definition wz_term :: "complex \<Rightarrow> complex \<Rightarrow> complex \<Rightarrow> complex \<Rightarrow> nat \<Rightarrow> nat \<Rightarrow> complex" where
  "wz_term q a b \<kappa> n j = a ^ j * (qpoch q q n / (qpoch q q (j - 1) * qpoch q q (n - j + 1)))
     * (qpoch (b / a) q j * qpoch a q (n - j + 1) / qpoch b q (n + 1))
     * (qpoch (q ^ (n + 1) * b * \<kappa>) q (n - j) * qpoch (q ^ (n - j + 2) * \<kappa>) q (j - 1)
        / qpoch (q ^ (n - j + 1) * a * \<kappa>) q (n + 2))
     * q ^ (n - j + 1) * wz_poly q a b \<kappa> (q ^ (n - j + 1)) (q ^ n)"

text \<open>At \<open>j = n + 1\<close> the certificate must absorb the new entry \<open>phi(n + 1 | n + 1)\<close>.\<close>

definition wz_cert :: "complex \<Rightarrow> complex \<Rightarrow> complex \<Rightarrow> complex \<Rightarrow> nat \<Rightarrow> nat \<Rightarrow> complex" where
  "wz_cert q a b \<kappa> n j =
     (if j = 0 then 0 else if j \<le> n then wz_term q a b \<kappa> n j
      else if j = Suc n then phi q a b \<kappa> (Suc n) (Suc n) else 0)"

text \<open>The WZ equations with their common factor removed, for the columns \<open>j = 0\<close>, \<open>0 < j < n\<close>
  and \<open>j = n\<close>; here \<open>u = q^(n - j)\<close>, and \<open>v = q^j\<close> resp. \<open>v = q^n\<close> in the boundary cases.\<close>

lemma wz_identity_first_column:
  "one_minus (v * a) * one_minus (v^2 * b * \<kappa>) * one_minus (q * v^2 * b * \<kappa>) * one_minus (v * a * \<kappa>)
   - one_minus (v * b * \<kappa>) * one_minus (v * b) * one_minus (v^2 * a * \<kappa>) * one_minus (q * v^2 * a * \<kappa>)
   = - ((a - b) * v * wz_poly q a b \<kappa> v v)"
  unfolding one_minus_def wz_poly_def by algebra

lemma wz_identity_interior:
  "one_minus (q * u * v) * one_minus (u * a) * one_minus (u^2 * v * b * \<kappa>) * one_minus (q * u^2 * v * b * \<kappa>)
     * one_minus (q * u * v * \<kappa>) * one_minus (u * a * \<kappa>) * one_minus (q^2 * u^2 * a * \<kappa>) * a
   - one_minus (u * v * b * \<kappa>) * one_minus (q * u * \<kappa>) * one_minus (q * u^2 * v * a * \<kappa>) * one_minus (q * u)
     * one_minus (u * v * b) * one_minus (u^2 * a * \<kappa>) * one_minus (q^2 * u^2 * v * a * \<kappa>) * a
   = one_minus v * one_minus (u * a) * one_minus (u^2 * v * b * \<kappa>) * one_minus (u * a * \<kappa>) * a
       * (q * u * wz_poly q a b \<kappa> (q * u) (u * v))
     - (a - v * b) * one_minus (q * u * \<kappa>) * one_minus (q * u) * one_minus (q^2 * u^2 * v * a * \<kappa>)
       * (a * u * wz_poly q a b \<kappa> u (u * v))"
  unfolding one_minus_def wz_poly_def by algebra

lemma wz_identity_last_column:
  "one_minus (q * v) * one_minus a * one_minus (q * v * b * \<kappa>) * one_minus (q * v * \<kappa>) * one_minus (q^2 * a * \<kappa>)
   - one_minus (q * \<kappa>) * one_minus (q * v * a * \<kappa>) * one_minus q * one_minus (v * b) * one_minus (q^2 * v * a * \<kappa>)
   = one_minus v * one_minus a * (q * wz_poly q a b \<kappa> q v)
     - (a - v * b) * one_minus (q * \<kappa>) * one_minus (q * v * \<kappa>) * one_minus q * one_minus (q^2 * v * a * \<kappa>)"
  unfolding one_minus_def wz_poly_def by algebra

text \<open>\<open>Pa\<close>, \<open>Pb\<close> (for \<open>j = 0\<close>) and \<open>P\<kappa>\<close>, \<open>Pa'\<close> (for \<open>j = n\<close>) are the q-Pochhammer tails
  shared by all terms of the WZ equation.\<close>

locale wz_boundary =
  fixes q a b \<kappa> :: complex and n n' :: nat
  assumes nondeg: "nondegenerate q a b \<kappa> (Suc n)" and n: "n = Suc n'"
begin

definition v :: complex where "v = q ^ n"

=====

DIRECTIONS: The records above must be repeated exactly, in their entirety.

COMPLETED TASK:
definition wz_term :: "complex \<Rightarrow> complex \<Rightarrow> complex \<Rightarrow> complex \<Rightarrow> nat \<Rightarrow> nat \<Rightarrow> complex" where
  "wz_term q a b \<kappa> n j = a ^ j * (qpoch q q n / (qpoch q q (j - 1) * qpoch q q (n - j + 1)))
     * (qpoch (b / a) q j * qpoch a q (n - j + 1) / qpoch b q (n + 1))
     * (qpoch (q ^ (n + 1) * b * \<kappa>) q (n - j) * qpoch (q ^ (n - j + 2) * \<kappa>) q (j - 1)
        / qpoch (q ^ (n - j + 1) * a * \<kappa>) q (n + 2))
     * q ^ (n - j + 1) * wz_poly q a b \<kappa> (q ^ (n - j + 1)) (q ^ n)"

text \<open>At \<open>j = n + 1\<close> the certificate must absorb the new entry \<open>phi(n + 1 | n + 1)\<close>.\<close>

definition wz_cert :: "complex \<Rightarrow> complex \<Rightarrow> complex \<Rightarrow> complex \<Rightarrow> nat \<Rightarrow> nat \<Rightarrow> complex" where
  "wz_cert q a b \<kappa> n j =
     (if j = 0 then 0 else if j \<le> n then wz_term q a b \<kappa> n j
      else if j = Suc n then phi q a b \<kappa> (Suc n) (Suc n) else 0)"

text \<open>The WZ equations with their common factor removed, for the columns \<open>j = 0\<close>, \<open>0 < j < n\<close>
  and \<open>j = n\<close>; here \<open>u = q^(n - j)\<close>, and \<open>v = q^j\<close> resp. \<open>v = q^n\<close> in the boundary cases.\<close>

lemma wz_identity_first_column:
  "one_minus (v * a) * one_minus (v^2 * b * \<kappa>) * one_minus (q * v^2 * b * \<kappa>) * one_minus (v * a * \<kappa>)
   - one_minus (v * b * \<kappa>) * one_minus (v * b) * one_minus (v^2 * a * \<kappa>) * one_minus (q * v^2 * a * \<kappa>)
   = - ((a - b) * v * wz_poly q a b \<kappa> v v)"
  unfolding one_minus_def wz_poly_def by algebra

lemma wz_identity_interior:
  "one_minus (q * u * v) * one_minus (u * a) * one_minus (u^2 * v * b * \<kappa>) * one_minus (q * u^2 * v * b * \<kappa>)
     * one_minus (q * u * v * \<kappa>) * one_minus (u * a * \<kappa>) * one_minus (q^2 * u^2 * a * \<kappa>) * a
   - one_minus (u * v * b * \<kappa>) * one_minus (q * u * \<kappa>) * one_minus (q * u^2 * v * a * \<kappa>) * one_minus (q * u)
     * one_minus (u * v * b) * one_minus (u^2 * a * \<kappa>) * one_minus (q^2 * u^2 * v * a * \<kappa>) * a
   = one_minus v * one_minus (u * a) * one_minus (u^2 * v * b * \<kappa>) * one_minus (u * a * \<kappa>) * a
       * (q * u * wz_poly q a b \<kappa> (q * u) (u * v))
     - (a - v * b) * one_minus (q * u * \<kappa>) * one_minus (q * u) * one_minus (q^2 * u^2 * v * a * \<kappa>)
       * (a * u * wz_poly q a b \<kappa> u (u * v))"
  unfolding one_minus_def wz_poly_def by algebra

lemma wz_identity_last_column:
  "one_minus (q * v) * one_minus a * one_minus (q * v * b * \<kappa>) * one_minus (q * v * \<kappa>) * one_minus (q^2 * a * \<kappa>)
   - one_minus (q * \<kappa>) * one_minus (q * v * a * \<kappa>) * one_minus q * one_minus (v * b) * one_minus (q^2 * v * a * \<kappa>)
   = one_minus v * one_minus a * (q * wz_poly q a b \<kappa> q v)
     - (a - v * b) * one_minus (q * \<kappa>) * one_minus (q * v * \<kappa>) * one_minus q * one_minus (q^2 * v * a * \<kappa>)"
  unfolding one_minus_def wz_poly_def by algebra

text \<open>\<open>Pa\<close>, \<open>Pb\<close> (for \<open>j = 0\<close>) and \<open>P\<kappa>\<close>, \<open>Pa'\<close> (for \<open>j = n\<close>) are the q-Pochhammer tails
  shared by all terms of the WZ equation.\<close>

locale wz_boundary =
  fixes q a b \<kappa> :: complex and n n' :: nat
  assumes nondeg: "nondegenerate q a b \<kappa> (Suc n)" and n: "n = Suc n'"
begin

definition v :: complex where "v = q ^ n"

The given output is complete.